▶ **Work to complete**: Where the records below reach the line containing "unfolding gauss_q_def gauss_fx_def", start transcribing, and end with the line containing "r \<le> exp", exactly and with nothing else added.

▶ **Extracted entries**:
lemma Fbase_frame_map:
  assumes "gbar > 0"
  shows "Fbase gbar eta p (frame_map p x - t *\<^sub>R wind gbar p)
    = slope_norm (eta * wind_speed gbar p) (x - t *\<^sub>R (wind_speed gbar p, 0))"
proof -
  define z where "z = x - t *\<^sub>R (wind_speed gbar p, 0)"
  have z: "frame_map p x - t *\<^sub>R wind gbar p = frame_map p z"
    unfolding z_def wind_frame_map[OF assms] linear_diff[OF linear_frame_map] linear_scale[OF linear_frame_map] ..
  have "alpha p (frame_map p z) = norm z"
    unfolding alpha_def hmet_frame_map by (simp add: norm_eq_sqrt_inner)
  moreover have "eta * gbar * beta gbar p (frame_map p z) = - (eta * wind_speed gbar p * fst z)"
    unfolding beta_def wind_frame_map[OF assms] hmet_frame_map using assms by (cases z) (simp add: inner_Pair)
  ultimately show ?thesis unfolding z z_def[symmetric] Fbase_def slope_norm_def by simp
qed

lemma slippery_frame_map:
  "gbar > 0 \<Longrightarrow> slippery gbar eta p (frame_map p x) = slope_slippery (wind_speed gbar p) (eta * wind_speed gbar p) x"
  unfolding slippery_def slope_slippery_def using Fbase_frame_map by simp

lemma hessian_posdef_slippery_frame_map_iff:
  assumes "gbar > 0"
  shows "hessian_posdef (\<lambda>z. (slippery gbar eta p z)^2) (frame_map p x)
    \<longleftrightarrow> hessian_posdef (\<lambda>z. (slope_slippery (wind_speed gbar p) (eta * wind_speed gbar p) z)^2) x"
  (is "hessian_posdef ?L _ \<longleftrightarrow> hessian_posdef ?M _")
proof
  assume "hessian_posdef ?L (frame_map p x)"
  from hessian_posdef_compose_linear[OF linear_frame_map inj_frame_map this]
  show "hessian_posdef ?M x" unfolding slippery_frame_map[OF assms] .
next
  assume "hessian_posdef ?M x"
  then have "hessian_posdef ?M (frame_coords p (frame_map p x))" by (simp only: frame_coords_frame_map)
  from hessian_posdef_compose_linear[OF linear_frame_coords inj_frame_coords this]
  show "hessian_posdef ?L (frame_map p x)"
    using slippery_frame_map[OF assms, symmetric] by (simp add: frame_map_frame_coords)
qed

theorem slippery_strongly_convex_iff_slope:
  assumes "gbar > 0"
  shows "slippery_strongly_convex gbar eta
    \<longleftrightarrow> (\<forall>p. slope_slippery_strongly_convex (wind_speed gbar p) (eta * wind_speed gbar p))"
proof -
  have "(\<forall>w. w \<noteq> 0 \<longrightarrow> (\<exists>!t. t > 0 \<and> Fbase gbar eta p (w - t *\<^sub>R wind gbar p) = t)
          \<and> hessian_posdef (\<lambda>z. (slippery gbar eta p z)^2) w)
    \<longleftrightarrow> (\<forall>x. x \<noteq> 0 \<longrightarrow> (\<exists>!t. t > 0 \<and> Fbase gbar eta p (frame_map p x - t *\<^sub>R wind gbar p) = t)
          \<and> hessian_posdef (\<lambda>z. (slippery gbar eta p z)^2) (frame_map p x))" for p
    by (rule all_nonzero_frame_map_iff)
  note pointwise = this[unfolded Fbase_frame_map[OF assms] hessian_posdef_slippery_frame_map_iff[OF assms]]
  show ?thesis
    unfolding slippery_strongly_convex_def slope_slippery_strongly_convex_def pointwise ..
qed

section \<open>The strongest wind on the Gaussian bell\<close>

definition max_wind_speed :: "real \<Rightarrow> real" where
  "max_wind_speed gbar = 3 * gbar / sqrt (2 * exp 1 + 9)"

lemma gauss_q_radial:
  "gauss_q p = 9 * ((fst p)^2 + (snd p)^2) * exp (- 2 * ((fst p)^2 + (snd p)^2))"
proof -
  define r where "r = (fst p)^2 + (snd p)^2"
  have f: "(gauss_f p)^2 = 9 / 4 * exp (- 2 * r)"
    unfolding gauss_f_def r_def by (simp add: power2_eq_square exp_add[symmetric])
  have "gauss_q p = 4 * r * (gauss_f p)^2"
    unfolding gauss_q_def gauss_fx_def gauss_fy_def r_def by (simp add: power2_eq_square algebra_simps)
  also have "\<dots> = 9 * r * exp (- 2 * r)" unfolding f by simp
  finally show ?thesis unfolding r_def .
qed

lemma gauss_q_le: "gauss_q p \<le> 9 / (2 * exp 1)"
proof -
  define r where "r = (fst p)^2 + (snd p)^2"
  have "2 * r \<le> exp (2 * r - 1)" using exp_ge_add_one_self[of "2 * r - 1"] by simp
  then have "2 * r * exp 1 \<le> exp (2 * r)" by (simp add: exp_diff field_simps)
  then have "2 * r * exp 1 * exp (- 2 * r) \<le> 1"
    by (metis exp_minus_inverse mult.assoc mult_right_mono exp_ge_zero mult_minus_left)
  then have "r * exp (- 2 * r) \<le> 1 / (2 * exp 1)" by (simp add: field_simps)
  then show ?thesis unfolding gauss_q_radial r_def[symmetric] by simp
qed

lemma gauss_q_steepest: "gauss_q (1 / sqrt 2, 0) = 9 / (2 * exp 1)"
  unfolding gauss_q_radial by (simp add: power_divide exp_minus field_simps)

lemma wind_speed_nonneg: "gbar > 0 \<Longrightarrow> wind_speed gbar p \<ge> 0"
  unfolding wind_speed_def using gauss_q_nonneg[of p] by simp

▶ **Answer area**:
    unfolding gauss_q_def gauss_fx_def gauss_fy_def r_def by (simp add: power2_eq_square algebra_simps)
  also have "\<dots> = 9 * r * exp (- 2 * r)" unfolding f by simp
  finally show ?thesis unfolding r_def .
qed

lemma gauss_q_le: "gauss_q p \<le> 9 / (2 * exp 1)"
proof -
  define r where "r = (fst p)^2 + (snd p)^2"
  have "2 * r \<le> exp (2 * r - 1)" using exp_ge_add_one_self[of "2 * r - 1"] by simp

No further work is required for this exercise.